Abstract

Improvements in language model capabilities are often attributed to increasing model size or training data, but in some cases smaller models trained on curated data or with different architectural decisions can outperform larger ones trained on more tokens. What accounts for this?

To quantify the impact of these design choices, we meta-analyze 92 open-source pretrained models across a wide array of scales, including state-of-the-art open-weights models as well as less performant models and those with less conventional design decisions. We find that by incorporating features besides model size and number of training tokens, we can achieve a relative 3-28% increase in ability to predict downstream performance compared with using scale alone.

Analysis of model design decisions reveal insights into data composition, such as the trade-off between language and code tasks at 15-25% code, as well as the better performance of some architectural decisions such as choosing rotary over learned embeddings. Broadly, our framework lays a foundation for more systematic investigation of how model development choices shape final capabilities.

Method illustration
We document design decisions from open-weights models related to both architecture and data composition, and train predictors for downstream task performance.

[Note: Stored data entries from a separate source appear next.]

definition proj :: "complex vec \<Rightarrow> complex mat" where
  "proj v = mat (dim_vec v) (dim_vec v) (\<lambda>(i,j). v $ i * cnj (v $ j))"

definition ket2 :: "nat \<Rightarrow> nat \<Rightarrow> complex vec" where
  "ket2 i j = unit_vec 4 (2 * i + j)"

end

(* Diagonalising sigma, the bound on its rank leaves at most two nonzero eigenvalues, so
   sigma = nu1 |v1><v1| + nu2 |v2><v2| with orthonormal v1, v2.  The singular value decomposition
   of the 2x2 coefficient matrix of v1 (its Schmidt decomposition) yields local unitaries taking
   v1 to cos theta |00> + sin theta |11>.  The image of v2 is orthogonal to this vector, hence equal
   to gamma (sin theta |00> - cos theta |11>) + a1 |01> + a2 |10>.  The local phases
   diag(1,eta) (x) diag(1,conj eta) fix |00> and |11>; together with a global phase, which does not
   change |v2><v2|, they make a1 and a2 nonnegative, and the angles phi, alpha, beta then
   parametrise the remaining unit vector. *)

theory Submission
  imports Defs
begin

lemma mat_adjoint_dim [simp]:
  fixes A :: "complex mat"
  shows "dim_row (mat_adjoint A) = dim_col A" "dim_col (mat_adjoint A) = dim_row A"
  by (auto simp: mat_adjoint_def)

lemma mat_adjoint_index [simp]:
  fixes A :: "complex mat"
  shows "i < dim_col A \<Longrightarrow> j < dim_row A \<Longrightarrow> mat_adjoint A $$ (i,j) = cnj (A $$ (j,i))"
  by (simp add: mat_adjoint_def mat_of_rows_def)

lemma mat_adjoint_carrier [simp]:
  fixes A :: "complex mat"
  shows "A \<in> carrier_mat n m \<Longrightarrow> mat_adjoint A \<in> carrier_mat m n"
  unfolding carrier_mat_def by simp

lemma mat_adjoint_adjoint [simp]:
  fixes A :: "complex mat"
  shows "mat_adjoint (mat_adjoint A) = A"
  by (rule eq_matI) auto

lemma mat_adjoint_mult:
  fixes A :: "complex mat"
  assumes "A \<in> carrier_mat n k" "B \<in> carrier_mat k m"
  shows "mat_adjoint (A * B) = mat_adjoint B * mat_adjoint A"
  by (rule eq_matI) (use assms in \<open>auto simp: scalar_prod_def mult.commute\<close>)

lemma mat_adjoint_one [simp]: "mat_adjoint (1\<^sub>m n) = (1\<^sub>m n :: complex mat)"
  by (rule eq_matI) auto

lemma mat_adjoint_zero [simp]: "mat_adjoint (0\<^sub>m n m) = (0\<^sub>m m n :: complex mat)"
  by (rule eq_matI) auto

lemma mat_adjoint_transpose:
  fixes A :: "complex mat"
  shows "mat_adjoint (transpose_mat A) = transpose_mat (mat_adjoint A)"
  by (rule eq_matI) auto

lemma mat_adjoint_four_block:
  fixes A :: "complex mat"
  assumes "A \<in> carrier_mat n1 m1" "B \<in> carrier_mat n1 m2" "C \<in> carrier_mat n2 m1"
    "D \<in> carrier_mat n2 m2"
  shows "mat_adjoint (four_block_mat A B C D) =
    four_block_mat (mat_adjoint A) (mat_adjoint C) (mat_adjoint B) (mat_adjoint D)"
proof -
  have d: "dim_row A = n1" "dim_col A = m1" "dim_row B = n1" "dim_col B = m2"
    "dim_row C = n2" "dim_col C = m1" "dim_row D = n2" "dim_col D = m2" using assms by auto
  show ?thesis
  proof (rule eq_matI)
    fix i j
    assume "i < dim_row (four_block_mat (mat_adjoint A) (mat_adjoint C) (mat_adjoint B) (mat_adjoint D))"
      "j < dim_col (four_block_mat (mat_adjoint A) (mat_adjoint C) (mat_adjoint B) (mat_adjoint D))"
    then have i: "i < m1 + m2" and j: "j < n1 + n2" by (auto simp: d)
    have l: "mat_adjoint (four_block_mat A B C D) $$ (i,j) = cnj (four_block_mat A B C D $$ (j,i))"
      by (rule mat_adjoint_index) (use i j in \<open>auto simp: d\<close>)
    show "mat_adjoint (four_block_mat A B C D) $$ (i,j) =
      four_block_mat (mat_adjoint A) (mat_adjoint C) (mat_adjoint B) (mat_adjoint D) $$ (i,j)"
      unfolding l using i j by (cases "i < m1"; cases "j < n1") (auto simp: d)
  qed (simp_all add: d)
qed

lemma unitary_matD:
  assumes "unitary_mat n U"
  shows "U \<in> carrier_mat n n" "mat_adjoint U * U = 1\<^sub>m n" "U * mat_adjoint U = 1\<^sub>m n"
  using assms mat_mult_left_right_inverse[of "mat_adjoint U" n U]
  by (auto simp: unitary_mat_def)

lemma unitary_mat_mult:
  assumes A: "unitary_mat n A" and B: "unitary_mat n B"
  shows "unitary_mat n (A * B)"
proof -
  have [simp]: "A \<in> carrier_mat n n" "B \<in> carrier_mat n n" using A B by (auto dest: unitary_matD)
  have "mat_adjoint (A * B) * (A * B) = mat_adjoint B * (mat_adjoint A * A) * B"
    by (simp add: mat_adjoint_mult[of _ n n _ n] assoc_mult_mat[of _ n n _ n _ n] mult_carrier_mat[of _ n n])
  also have "\<dots> = 1\<^sub>m n" by (simp add: unitary_matD(2)[OF A] unitary_matD(2)[OF B] right_mult_one_mat[of _ n n])
  finally show ?thesis by (simp add: unitary_mat_def mult_carrier_mat[of _ n n])
qed

lemma unitary_mat_adjoint:
  assumes "unitary_mat n U"
  shows "unitary_mat n (mat_adjoint U)"
  using unitary_matD[OF assms] by (simp add: unitary_mat_def)

lemma unitary_mat_transpose:
  assumes U: "unitary_mat n U"
  shows "unitary_mat n (transpose_mat U)"
proof -
  have U': "U \<in> carrier_mat n n" "U * mat_adjoint U = 1\<^sub>m n" using unitary_matD[OF U] by auto
  have "mat_adjoint (transpose_mat U) * transpose_mat U = transpose_mat (U * mat_adjoint U)"
    using U'(1) by (simp add: mat_adjoint_transpose transpose_mult[of _ n n _ n])
  also have "\<dots> = 1\<^sub>m n" using U'(2) by simp
  finally show ?thesis using U'(1) by (simp add: unitary_mat_def mat_adjoint_transpose)
qed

This allows us to examine the impact of model design choices individually.

Introduction

The effectiveness of language model training depends critically on decisions made during pretraining. Language model performance has been found to be fairly predictable through scaling laws — extrapolations of model performance based on the parameter counts and number of tokens the models were trained on. However, scaling laws based on only these two aspects do not always explain downstream task performance.

We ask: can we leverage past findings from open language models to examine how training decisions jointly impact downstream performance?

Building a Database of Publicly-Available Language Models

To approach our research question, we built a comprehensive database of publicly available language models. Our database encompasses models spanning a wide range of sizes, from 11M to 110B parameters, and includes only distinct pretrained base models with decoder-only architectures. We applied the following criteria:

  • Pretrained-only: Only base models that were pretrained from scratch were included. Fine-tuned variants, merged models, and models with additional post-training were excluded.
  • Architecture: Only transformer-based decoder-only models were included to maintain uniformity. Mixture-of-experts (MoEs) or other architectures were excluded.
  • Publicly available information: Only models with publicly available metadata, documented through configuration files or papers, were included.
Data taxonomy
Taxonomy of pretraining data categories. We sorted data sources into this taxonomy based on model documentation.

Different Tasks, Different Scaling Trends

Different tasks, different scaling trends
Performance plotted against their total parameters and tokens. The background color represents the scaling law fitted to the task, and the marker colors indicate true performance. Some tasks have different performance trends with scale.

Before adding in other factors, we examine differences in scaling along parameters and tokens between our selected tasks. We find that different tasks may exhibit marked differences both in how well they follow scaling trends, as well as their individual scaling contours. For instance, TruthfulQA appears to exhibit U-shaped scaling, while Humaneval has more "outlier" models.

Key Findings

It's Not Just Scaling

We find that incorporating extra features alongside traditional scaling laws features leads to substantial improvements in prediction accuracy across multiple benchmarks. The all-features predictor outperforms the scaling-laws-only predictor in all evaluated cases, with improvements ranging from approximately 3% (MathQA) to about 28% (Lambada) relative error reduction.

SHAP analysis of features
In all tasks, the number of parameters and pretraining tokens heavily influences the predictions made by the regressor. The percentage of code in pretraining often influences predictions negatively for NLI tasks but positively for Humaneval.

A Little Code Goes a Long Way, but Too Much is Harmful to NLI

One of the most important non-scaling features is the percentage of code data in pretraining. Higher code composition results in positive Shapley values (i.e. higher predicted performance) for Humaneval, but it negatively affects Arc Challenge, Hellaswag, Winogrande, and Lambada.

Models trained with more than roughly 20–25% code are predicted to have large gains on tasks like Humaneval, but start to incur penalties on standard natural language benchmarks. By contrast, a moderate code proportion in the 15–25% range appears to balance these competing demands, yielding a more neutral or slightly positive effect overall.

Code effect on performance
SHAP impact of code percentage on Lambada (representative NL task) and Humaneval on our regressors.

Other Insights on Task Performance

From the fine-grained features from free generations, we also observed that many recent models (particularly those trained on synthetic data such as the Phi and SmolLM) generate a relatively large number of question words, indicating extensive training on data related to question answering.

A higher percentage of reference-like or question-loaded generations resulted in better model accuracy on some tasks such as Arc Challenge and Winogrande. Additionally, models that generate more web-like data tend to do worse on TruthfulQA.

Conclusion

We perform the first systematic analysis of the performance of open language models across diverse tasks and tie their performance to architectural and data-compositional design decisions.

Our database can be further expanded as new models and benchmarks are released, and we will release the code and data to help spur community efforts for more systematic data documentation.

We hope our work will help discover hypotheses to be tested in more controlled settings — existing models intertwine a number of design decisions, and further controlled pre-training experiments that only involve one axis of variation could further clarify the effect of each feature.